ANTIGONE also screened at the 2017 8th Bridges International Film Festival of Peloponnesse and was nominated for best documentary at the 2017 Kerry Film Festival, Killarney, Ireland both in October of last year.
In 2018 (so far!) ANTIGONE will screen at:
  • Three Rivers Film Festival, Pittsburgh, PA, (2018 dates not yet posted) Three Rivers Film Festival only accepted 10 shorts, and ANTIGONE was one of them. Nicholas calls his return to Pittsburgh a  “bittersweet homecoming, as most of the 8mm footage was shot there in my childhood and before.”



Additionally, Nicholas’s short animated film, SMOKE N SUDS, also completed while here at VCFA, will have it’s world premiere at the 13th Athens ANIMFEST in Athens, Greece, March 15 – 18th, 2018! SMOKE N SUDS is a lo-fi animated film (reminiscent of early Jim Jarmusch) that follows two punks who meet at a laundromat in late 80’s Hell’s Kitchen NYC.

Finally, 7 SPLINTERS IN TIME, a film that Nicholas helped produce and was the DoP of, had its world premiere at Cinequest in San Jose on March 3rd, 2018.

Horror Society writes of the film, 7 SPLINTERS IN TIME is an intricately constructed, visually arresting, graphically exotic and groundbreaking lo-fi sci-fi detective story that mashes up Phillip K. Dick and Raymond Chandler.

Congrats George, we are thrilled for you!


George Nicholas is an award-winning New York – based filmmaker and director of photography. He was born in Pittsburgh, Pennsylvania to first-generation Greek immigrants, picked up his father’s love for photography at age 7, and wrote and directed his first play at 11. He studied drama at the University of Texas, Arlington, moved to NYC in 1998, worked as a sound technician for Off-Broadway Theater and as a roadie, working with bands like the Rolling Stones, before moving a bit north to attend the Conservatory of Film at the State University of New York at Purchase, where he graduated with a BFA in Film Production. He has worked as a cinematographer professionally since 1992, and his work has been shown worldwide on air and in festivals. George has produced and directed music videos, including Elizabeth Cook’s “Sunday Morning,” which aired on VH-1, GAC, and CMT. His 2004 short film, “Exact Fare,” won the CINE Golden Eagle Award, and his most recent film, “Antigone” won the Nostimon Imar award (for films of the diaspora) at its premiere at the 2017 Cyprus International Film Festival. He is currently an Assistant Professor of Radio, Television, Film at Hofstra University in Hempstead, New York, and prior to that taught at and was the Technical Director of Film and New Media at Sarah Lawrence College in Bronxville, New York. He currently resides in Mamaroneck, New York with his wife, Marie, their son Peter, and two cats. He is a bassist and vocalist for the J.D. Southard Band and the upright bassist for The Quarter Moon. Nicholas will graduate from VCFA MFA in Film April 2018.

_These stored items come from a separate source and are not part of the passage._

lemma card_run_lists_Suc:
  assumes "\<bar>s\<bar> \<le> int d" and "e = 1 \<or> e = -1" and "0 < m"
  shows "card (run_lists d (Suc m) s e) = (if \<bar>s + e\<bar> \<le> int d
    then card (run_lists d m (s + e) (- e)) + card (run_lists d m (s + e) e) else 0)"
proof (cases "\<bar>s + e\<bar> \<le> int d")
  case True
  have "hd (inc_head \<beta>) \<noteq> 1" if \<beta>: "\<beta> \<in> run_lists d m (s + e) e" for \<beta>
  proof -
    obtain b r where "\<beta> = b # r" and "0 < b"
      using \<beta> assms(3) by (cases \<beta>) (auto simp: run_lists_def)
    then show ?thesis
      by simp
  qed
  then have "hd \<alpha> \<noteq> 1" if "\<alpha> \<in> inc_head ` run_lists d m (s + e) e" for \<alpha>
    using that by blast
  moreover have "hd \<alpha> = 1" if "\<alpha> \<in> Cons 1 ` run_lists d m (s + e) (- e)" for \<alpha>
    using that by auto
  ultimately have "Cons 1 ` run_lists d m (s + e) (- e) \<inter> inc_head ` run_lists d m (s + e) e = {}"
    by (meson disjoint_iff)
  then have "card (run_lists d (Suc m) s e)
      = card (Cons 1 ` run_lists d m (s + e) (- e)) + card (inc_head ` run_lists d m (s + e) e)"
    using True assms(3) by (simp add: run_lists_Suc card_Un_disjoint finite_run_lists)
  also have "\<dots> = card (run_lists d m (s + e) (- e)) + card (run_lists d m (s + e) e)"
    using inj_inc_head by (simp add: card_image inj_on_subset)
  finally show ?thesis
    using True by simp
next
  case False
  then show ?thesis
    using assms by (simp add: run_lists_Suc run_lists_outward_empty)
qed

fun near_zero_walks :: "nat \<Rightarrow> nat \<Rightarrow> int \<Rightarrow> nat" where
  "near_zero_walks d 0 h = (if \<bar>h\<bar> \<le> 1 \<and> \<bar>h\<bar> \<le> int d then 1 else 0)"
| "near_zero_walks d (Suc n) h =
     (if \<bar>h\<bar> \<le> int d then near_zero_walks d n (h - 1) + near_zero_walks d n (h + 1) else 0)"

Student Spotlight: Tamara Perkins’s film LIFE AFTER LIFE screening at the GMFF, plus a teaser of her newest film

LIFE AFTER LIFE, a film directed and produced by current VCFA MFA in Film student Tamara Perkins, will screen at the Green Mountain Film Festival  this March (2018). LIFE AFTER LIFE will screen twice at the GMFF, once in Essex Junction (March 18th, 6:45-9:00pm) at the Essex Cinemas, and a second time in Montpelier (March 18th, 12:00-2:30pm) at the Pavilion. GMFF has partnered with the Community Justice Center of Essex and the Community Justice Center of Montpelier. At both venues, a q&a discussion is planned after the film with the filmmaker along with several other local voices with insights into the topic of re-entry post-incarceration, including: a Reentry Coordinator from the local Community Justice Center (CJC), a Parole Officer from the Department of Corrections, Formerly incarcerated person(s), Circles of Support and Accountability (CoSA) Volunteer from the local CJC, and (at the Montpelier screening) the Deputy Defender General of the State of VT.

LIFE AFTER LIFE  follows the stories of Harrison, Noel, and Chris as they return home from San Quentin State Prison. After spending most of their lives incarcerated, they are forced to reconcile their perception of themselves with a reality they are unprepared for. Each struggles to overcome personal demons and reconstruct their fractured lives. Grappling with day-to-day challenges and striving for success, they work to reconnect with family and provide for themselves for the first time in their adult lives. Told in an unadorned verite style, we experience the truth of their heartaches and triumphs. As their stories unfold over weeks, months and years, the precarious nature of freedom after incarceration in America is revealed.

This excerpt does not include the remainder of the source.